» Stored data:
----
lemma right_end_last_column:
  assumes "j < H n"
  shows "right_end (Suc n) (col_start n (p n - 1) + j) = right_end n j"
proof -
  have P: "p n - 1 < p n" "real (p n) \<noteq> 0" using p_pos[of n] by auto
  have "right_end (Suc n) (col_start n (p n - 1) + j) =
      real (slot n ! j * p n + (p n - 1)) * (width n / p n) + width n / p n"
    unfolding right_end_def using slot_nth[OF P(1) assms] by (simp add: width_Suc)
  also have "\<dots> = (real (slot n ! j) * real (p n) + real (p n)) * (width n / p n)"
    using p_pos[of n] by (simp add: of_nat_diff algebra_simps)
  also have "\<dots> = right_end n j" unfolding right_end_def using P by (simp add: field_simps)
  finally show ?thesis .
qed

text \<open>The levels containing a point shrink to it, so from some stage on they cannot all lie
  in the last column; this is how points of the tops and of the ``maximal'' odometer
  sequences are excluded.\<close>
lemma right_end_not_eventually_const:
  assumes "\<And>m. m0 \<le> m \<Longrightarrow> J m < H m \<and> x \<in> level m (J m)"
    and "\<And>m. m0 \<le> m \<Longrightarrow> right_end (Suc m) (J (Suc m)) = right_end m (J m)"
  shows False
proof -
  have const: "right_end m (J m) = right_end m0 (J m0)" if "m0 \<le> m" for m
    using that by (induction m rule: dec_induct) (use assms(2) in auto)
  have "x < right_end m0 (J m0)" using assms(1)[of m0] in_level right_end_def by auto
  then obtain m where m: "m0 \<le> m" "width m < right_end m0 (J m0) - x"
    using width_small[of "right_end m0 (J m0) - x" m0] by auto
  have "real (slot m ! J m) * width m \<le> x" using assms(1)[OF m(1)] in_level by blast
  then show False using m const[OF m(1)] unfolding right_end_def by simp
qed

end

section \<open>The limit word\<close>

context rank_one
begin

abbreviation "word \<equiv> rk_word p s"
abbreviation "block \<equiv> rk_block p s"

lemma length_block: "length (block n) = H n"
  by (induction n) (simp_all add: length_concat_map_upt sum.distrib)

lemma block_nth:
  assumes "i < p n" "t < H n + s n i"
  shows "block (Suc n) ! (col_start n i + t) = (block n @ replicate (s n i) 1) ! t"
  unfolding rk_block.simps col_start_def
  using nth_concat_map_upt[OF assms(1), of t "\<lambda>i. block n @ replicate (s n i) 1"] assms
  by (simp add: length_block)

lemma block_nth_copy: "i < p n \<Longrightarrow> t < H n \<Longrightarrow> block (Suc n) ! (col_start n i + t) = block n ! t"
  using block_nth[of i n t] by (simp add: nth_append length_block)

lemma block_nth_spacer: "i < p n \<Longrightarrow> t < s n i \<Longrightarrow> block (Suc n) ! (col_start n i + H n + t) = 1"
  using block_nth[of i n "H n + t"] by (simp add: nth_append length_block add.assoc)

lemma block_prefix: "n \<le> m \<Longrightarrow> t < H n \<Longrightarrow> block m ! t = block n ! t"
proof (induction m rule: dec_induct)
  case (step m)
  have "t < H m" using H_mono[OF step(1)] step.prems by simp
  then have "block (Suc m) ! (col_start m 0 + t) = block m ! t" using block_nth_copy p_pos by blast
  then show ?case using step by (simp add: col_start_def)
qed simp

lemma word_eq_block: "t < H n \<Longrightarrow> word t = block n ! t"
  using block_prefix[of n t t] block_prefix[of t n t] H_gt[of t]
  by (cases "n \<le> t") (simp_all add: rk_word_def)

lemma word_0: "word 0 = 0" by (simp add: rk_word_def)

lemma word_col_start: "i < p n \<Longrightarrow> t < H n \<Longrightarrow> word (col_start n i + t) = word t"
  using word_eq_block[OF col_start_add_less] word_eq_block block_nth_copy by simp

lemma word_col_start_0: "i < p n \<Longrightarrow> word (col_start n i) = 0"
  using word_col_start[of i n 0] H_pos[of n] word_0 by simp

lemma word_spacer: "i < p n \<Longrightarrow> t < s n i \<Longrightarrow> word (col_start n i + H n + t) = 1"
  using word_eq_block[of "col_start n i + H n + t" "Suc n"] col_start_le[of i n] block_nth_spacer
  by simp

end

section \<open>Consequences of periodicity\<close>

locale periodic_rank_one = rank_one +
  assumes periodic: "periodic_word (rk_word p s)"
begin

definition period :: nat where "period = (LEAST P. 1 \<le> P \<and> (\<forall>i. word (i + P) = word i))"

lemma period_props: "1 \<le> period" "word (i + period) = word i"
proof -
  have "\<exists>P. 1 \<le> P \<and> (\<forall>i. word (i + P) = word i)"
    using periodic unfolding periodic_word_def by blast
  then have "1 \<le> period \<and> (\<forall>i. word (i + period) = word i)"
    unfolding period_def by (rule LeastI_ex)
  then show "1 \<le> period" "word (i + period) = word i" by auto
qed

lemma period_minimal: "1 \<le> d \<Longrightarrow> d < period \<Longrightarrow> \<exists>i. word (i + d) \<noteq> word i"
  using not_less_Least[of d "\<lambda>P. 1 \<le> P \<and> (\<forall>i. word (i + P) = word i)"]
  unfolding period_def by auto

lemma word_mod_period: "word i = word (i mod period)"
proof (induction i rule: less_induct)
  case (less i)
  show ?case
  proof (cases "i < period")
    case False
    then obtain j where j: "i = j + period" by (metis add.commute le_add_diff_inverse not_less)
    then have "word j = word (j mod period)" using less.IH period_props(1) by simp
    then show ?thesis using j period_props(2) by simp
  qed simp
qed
----
» WHAT YOU HAVE TO DO: Reproduce exactly the lines from the one with "proof (induction i rule: less_induct)" through the end of the entries above, both ends included.

» TASK ANSWER:
proof (induction i rule: less_induct)
  case (less i)
  show ?case
  proof (cases "i < period")
    case False
    then obtain j where j: "i = j + period" by (metis add.commute le_add_diff_inverse not_less)
    then have "word j = word (j mod period)" using less.IH period_props(1) by simp
    then show ?thesis using j period_props(2) by simp
  qed simp
qed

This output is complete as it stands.